(* Let $\rho_1, \rho_2$ be $N \times N$ density matrices (positive semidefinite complex matrices with unit trace), let $P_+$ be the orthogonal projector onto the span of the eigenvectors of $\rho_1-\rho_2$ with positive eigenvalues, and $P_-$ the orthogonal projector onto the span of the eigenvectors of $\rho_1-\rho_2$ with negative eigenvalues. Let $I$ denote the $N\times N$ identity matrix. Then $$\mathrm{tr}\,P_+(I-\rho_1)\rho_1 \ge \mathrm{tr}\,P_+(I-\rho_1)\rho_2,$$ $$\mathrm{tr}\,P_-\rho_1(I-\rho_1) \ge \mathrm{tr}\,P_-\rho_1(I-\rho_2),$$ $$\mathrm{tr}\,P_+(I-\rho_2)\rho_2 \ge \mathrm{tr}\,P_+(I-\rho_1)\rho_2,$$ $$\mathrm{tr}\,P_-\rho_2(I-\rho_2) \ge \mathrm{tr}\,P_-\rho_1(I-\rho_2).$$ *)

theory Defs
  imports "Jordan_Normal_Form.Matrix_Kernel" "Jordan_Normal_Form.Char_Poly"
    "Jordan_Normal_Form.Schur_Decomposition"
begin

definition mtrace :: "complex mat \<Rightarrow> complex" where
  "mtrace A = (\<Sum>i\<in>{0..<dim_row A}. A $$ (i, i))"

definition cspan :: "nat \<Rightarrow> complex vec set \<Rightarrow> complex vec set" where
  "cspan n S = LinearCombinations.module.span class_ring (module_vec TYPE(complex) n) S"

text \<open>Positive semidefinite: Hermitian and nonnegative quadratic form
  (the order on complex is the one from HOL-Library.Complex_Order, so 0 \<le> z means z is real and nonnegative).\<close>
definition psd_mat :: "nat \<Rightarrow> complex mat \<Rightarrow> bool" where
  "psd_mat n A \<longleftrightarrow> A \<in> carrier_mat n n \<and> mat_adjoint A = A \<and>
     (\<forall>v \<in> carrier_vec n. 0 \<le> conjugate v \<bullet> (A *\<^sub>v v))"

definition density_mat :: "nat \<Rightarrow> complex mat \<Rightarrow> bool" where
  "density_mat n A \<longleftrightarrow> psd_mat n A \<and> mtrace A = 1"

# # # # # # #

_WORK REQUIRED_. Work out how many lines above contain "definition", then write only that number.

_ANSWER FOR THE TASK_. 4